Task to carry out — Among the entries below, count the lines holding the string "lexord". Respond with the number alone.

Stored data entries:

-=-=-

lemma delta_eq_imp_shift:
  assumes s: "s \<in> strs k n" and t: "t \<in> strs k n" and "0 < k"
    and d: "delta k s = delta k t"
  shows "\<exists>c. t = map (\<lambda>x. (x + c) mod k) s"
proof (cases "n = 0")
  case True
  then show ?thesis using s t by (simp add: strs_def)
next
  case False
  define c where "c = t ! 0 + k - s ! 0" \<comment> \<open>the summand k prevents truncated subtraction\<close>
  have "s ! 0 < k" using False s by (simp add: strs_nth_less)
  then have c: "int c = int (t ! 0) - int (s ! 0) + int k" by (simp add: c_def)
  have "t ! j = (s ! j + c) mod k" if "j < n" for j
  proof -
    have "int ((s ! j + c) mod k) = (int (s ! j) + (int (t ! 0) - int (s ! 0))) mod int k"
      using c by (simp add: zmod_int flip: add.assoc)
    also have "\<dots> = (int (s ! j) + (int (t ! j) - int (s ! j))) mod int k"
      using delta_eq_imp_diff_const[OF assms that] by (metis mod_add_right_eq)
    also have "\<dots> = int (t ! j)"
      using strs_nth_less[OF t that] by simp
    finally show ?thesis by simp
  qed
  then have "t = map (\<lambda>x. (x + c) mod k) s"
    using s t by (intro nth_equalityI) (simp_all add: strs_def)
  then show ?thesis ..
qed

lemma rotate_inverse: "\<exists>m'. xs = rotate m' (rotate m xs)"
proof -
  have "rotate ((length xs - 1) * m) (rotate m xs) = rotate (length xs * m) xs"
    by (cases "length xs") (simp_all add: rotate_rotate add.commute)
  then show ?thesis by (metis rotate_id mod_mult_self1_is_0)
qed

lemma nth_rotate_length_minus_one:
  assumes "j < length xs"
  shows "rotate (length xs - 1) xs ! j = xs ! (if j = 0 then length xs - 1 else j - 1)"
proof -
  have "(length xs - 1 + j) mod length xs = (if j = 0 then length xs - 1 else j - 1)"
  proof (cases j)
    case (Suc m)
    then have "length xs - 1 + j = m + length xs" using assms by simp
    then show ?thesis using Suc assms by simp
  qed (use assms in simp)
  then show ?thesis using assms by (simp add: nth_rotate)
qed

lemma mem_cyc_self: "s \<in> cyc k s"
  unfolding cyc_def by (metis (mono_tags) funpow_0 mem_Collect_eq)

lemma mem_cyc_iff:
  assumes s: "s \<in> strs k n" and t: "t \<in> strs k n" and "0 < k" "0 < n"
  shows "t \<in> cyc k s \<longleftrightarrow> (\<exists>m. delta k t = rotate m (delta k s))"
proof
  have "s \<noteq> []" using s \<open>0 < n\<close> by (auto simp: strs_def)
  note delta_s = delta_funpow_icr[OF this]
  show "t \<in> cyc k s \<Longrightarrow> \<exists>m. delta k t = rotate m (delta k s)"
    using delta_s by (auto simp: cyc_def)
  assume "\<exists>m. delta k t = rotate m (delta k s)"
  then obtain m where m: "delta k t = rotate m (delta k s)" ..
  define s' where "s' = (icr k 1 ^^ m) s"
  have s': "s' \<in> strs k n"
    using funpow_icr_in_strs[OF s] assms by (simp add: s'_def)
  have "delta k s' = delta k t" using delta_s m by (simp add: s'_def)
  then obtain c where "t = map (\<lambda>x. (x + c) mod k) s'"
    using delta_eq_imp_shift[OF s' t \<open>0 < k\<close>] by blast
  also have "\<dots> = (icr k 1 ^^ (n * c)) s'"
    using funpow_icr_mult_length[of s' k c] s' by (simp add: strs_def)
  finally have "t = (icr k 1 ^^ (n * c + m)) s" by (simp add: s'_def funpow_add)
  then show "t \<in> cyc k s" unfolding cyc_def by blast
qed

lemma cyc_eq_if_delta_rotate:
  assumes s: "s \<in> strs k n" and t: "t \<in> strs k n" and "0 < k" "0 < n"
    and "delta k t = rotate m (delta k s)"
  shows "cyc k t = cyc k s"
proof -
  have trans: "cyc k u \<subseteq> cyc k v" if "u \<in> cyc k v" for u v
    using that by (auto simp: cyc_def) (metis comp_apply funpow_add)
  obtain m' where "delta k s = rotate m' (delta k t)"
    using rotate_inverse assms(5) by metis
  then show ?thesis
    using trans mem_cyc_iff[OF s t] mem_cyc_iff[OF t s] assms by (metis subset_antisym)
qed

lemma finite_range_rotate: "finite (range (\<lambda>m. rotate m xs))"
proof (rule finite_subset)
  show "range (\<lambda>m. rotate m xs) \<subseteq> {ys. set ys \<subseteq> set xs \<and> length ys = length xs}" by auto
qed (rule finite_lists_length_eq[OF finite_set])

lemma lexmin_rot_eq_Min: "lexmin_rot xs = Min (range (\<lambda>m. rotate m xs))"
  unfolding lexmin_rot_def
proof (rule the_equality)
  let ?R = "range (\<lambda>m. rotate m xs)"
  have "Min ?R \<in> ?R" by (rule Min_in[OF finite_range_rotate]) simp
  moreover have "\<forall>y\<in>?R. Min ?R \<le> y" using Min_le[OF finite_range_rotate] by blast
  ultimately show "(\<exists>m. Min ?R = rotate m xs) \<and>
      (\<forall>m. Min ?R = rotate m xs \<or> (Min ?R, rotate m xs) \<in> lexord {(a, b). a < b})"
    by (auto simp: list_le_def list_less_def)
  fix r assume r: "(\<exists>m. r = rotate m xs) \<and>
      (\<forall>m. r = rotate m xs \<or> (r, rotate m xs) \<in> lexord {(a, b). a < b})"
  then have "r \<in> ?R" "\<forall>y\<in>?R. r \<le> y"
    by (auto simp: list_le_def list_less_def)
  then show "r = Min ?R"
    using \<open>Min ?R \<in> ?R\<close> finite_range_rotate by (metis Min_le antisym)
qed

lemma lexmin_rot_rotate: "lexmin_rot (rotate m xs) = lexmin_rot xs"
proof -
  obtain m' where m': "xs = rotate m' (rotate m xs)" using rotate_inverse by blast
  have "range (\<lambda>p. rotate p (rotate m xs)) = range (\<lambda>p. rotate p xs)"
  proof (intro equalityI subsetI)
    fix ys assume "ys \<in> range (\<lambda>p. rotate p (rotate m xs))"
    then show "ys \<in> range (\<lambda>p. rotate p xs)" by (auto simp: rotate_rotate)
  next
    fix ys assume "ys \<in> range (\<lambda>p. rotate p xs)"
    then obtain p where "ys = rotate p xs" by blast
    then have "ys = rotate (p + m') (rotate m xs)" by (metis m' rotate_rotate)
    then show "ys \<in> range (\<lambda>p. rotate p (rotate m xs))" by blast
  qed
  then show ?thesis by (simp add: lexmin_rot_eq_Min)
qed

lemma lexmin_rot_rotation: "\<exists>m. lexmin_rot xs = rotate m xs"
  using Min_in[OF finite_range_rotate, of xs] by (auto simp: lexmin_rot_eq_Min)

lemma lexmin_rot_le: "lexmin_rot xs \<le> rotate m xs"
  by (simp add: lexmin_rot_eq_Min Min_le[OF finite_range_rotate])

lemma deltaC_cyc:
  assumes "s \<in> strs k n" "0 < k" "0 < n"
  shows "deltaC k (cyc k s) = lexmin_rot (delta k s)"
proof -
  have "(SOME t. t \<in> cyc k s) \<in> cyc k s" using mem_cyc_self by (rule someI)
  moreover have "cyc k s \<subseteq> strs k n"
    using funpow_icr_in_strs assms by (auto simp: cyc_def)
  ultimately obtain m where "delta k (SOME t. t \<in> cyc k s) = rotate m (delta k s)"
    using mem_cyc_iff assms by blast
  then show ?thesis by (simp add: deltaC_def lexmin_rot_rotate)
qed

lemma replicate_if_delta_zero:
  assumes u: "set u \<subseteq> {..<k}" and zero: "\<forall>j. 0 < j \<and> j < length u \<longrightarrow> delta k u ! j = 0"
  shows "u = replicate (length u) (u ! 0)"
proof -
  have step: "u ! (j - 1) = u ! j" if j: "0 < j" "j < length u" for j
  proof -
    have "u ! (j - 1) \<in> set u" "u ! j \<in> set u" using j by (auto intro!: nth_mem)
    then have lt: "u ! (j - 1) < k" "u ! j < k" using u by auto
    then have "0 < k" by simp
    have "nat ((int (u ! (j - 1)) - int (u ! j)) mod int k) = 0"
      using zero j nth_delta[of j u k] by simp
    moreover have "0 \<le> (int (u ! (j - 1)) - int (u ! j)) mod int k" using \<open>0 < k\<close> by simp
    ultimately have "(int (u ! (j - 1)) - int (u ! j)) mod int k = 0" by simp
    then have "int (u ! (j - 1)) mod int k = int (u ! j) mod int k"
      by (simp add: mod_eq_dvd_iff mod_eq_0_iff_dvd)
    then show ?thesis using lt by simp
  qed
  have const: "u ! j = u ! 0" if "j < length u" for j
    using that
  proof (induction j)
    case (Suc j)
    then show ?case using step[of "Suc j"] by simp
  qed simp
  show ?thesis
    using const by (metis length_replicate nth_equalityI nth_replicate)
qed

lemma delta_replicate: "delta k (replicate n c) = delta k (replicate n 0)"
  by (rule nth_equalityI) (simp_all add: nth_delta)

lemma cyc_replicate_eq_root:
  assumes "c < k" "0 < n"
  shows "cyc k (replicate n c) = root k n"
  unfolding root_def
proof (rule cyc_eq_if_delta_rotate[where m = 0])
  show "delta k (replicate n c) = rotate 0 (delta k (replicate n 0))"
    using delta_replicate[of k n c] by simp
qed (use assms in \<open>auto simp: strs_def\<close>)

lemma cyc_eq_root_if_lexmin_rot_zero:
  assumes s: "s \<in> strs k n" and "0 < k" "0 < n"
    and zero: "\<forall>j < n - 1. lexmin_rot (delta k s) ! j = 0"
  shows "cyc k s = root k n"
proof -
  let ?D = "lexmin_rot (delta k s)"
  obtain p where p: "?D = rotate p (delta k s)" using lexmin_rot_rotation by blast
  have len_s: "length s = n" using s by (simp add: strs_def)
  define u where "u = (icr k 1 ^^ (n - 1 + p)) s"
  have u: "u \<in> strs k n" unfolding u_def using funpow_icr_in_strs[OF s \<open>0 < n\<close> \<open>0 < k\<close>] .
  have delta_u: "delta k u = rotate (n - 1 + p) (delta k s)"
    unfolding u_def using delta_funpow_icr[of s k] len_s \<open>0 < n\<close> by auto
  have len_D: "length ?D = n" using p len_s by simp
  have "delta k u = rotate (length ?D - 1) ?D" using delta_u p len_D by (simp add: rotate_rotate)
  then have zero_u: "delta k u ! j = 0" if "0 < j" "j < n" for j
    using nth_rotate_length_minus_one[of j ?D] zero that len_D by simp
  have len_u: "length u = n" using u by (simp add: strs_def)
  have "u = replicate (length u) (u ! 0)"
    by (rule replicate_if_delta_zero) (use u zero_u len_u in \<open>auto simp: strs_def\<close>)
  then have "cyc k u = cyc k (replicate n (u ! 0))" using len_u by metis
  also have "\<dots> = root k n"
    by (rule cyc_replicate_eq_root[OF strs_nth_less[OF u \<open>0 < n\<close>] \<open>0 < n\<close>])
  finally have "cyc k u = root k n" .
  moreover have "cyc k u = cyc k s"
    using cyc_eq_if_delta_rotate[OF s u \<open>0 < k\<close> \<open>0 < n\<close> delta_u] .
  ultimately show ?thesis by simp
qed

definition move_unit :: "nat \<Rightarrow> nat \<Rightarrow> nat list \<Rightarrow> nat list" where
  "move_unit k i D = D[i := (D ! i + k - 1) mod k, Suc i := (D ! Suc i + 1) mod k]"

lemma parent_array_eq_move_unit:
  assumes "i = (LEAST i. i < length D \<and> D ! i \<noteq> 0)" "Suc i < length D"
  shows "parent_array k D = move_unit k i D"
  using assms by (simp add: parent_array_def move_unit_def Let_def)

lemma rotate_move_unit:
  assumes "Suc i < length D"
  shows "rotate i (move_unit k i D) = move_unit k 0 (rotate i D)"
  using assms
  by (simp add: move_unit_def rotate_drop_take drop_update_swap list_update_append1 nth_append)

-=-=-

Output of the task — 2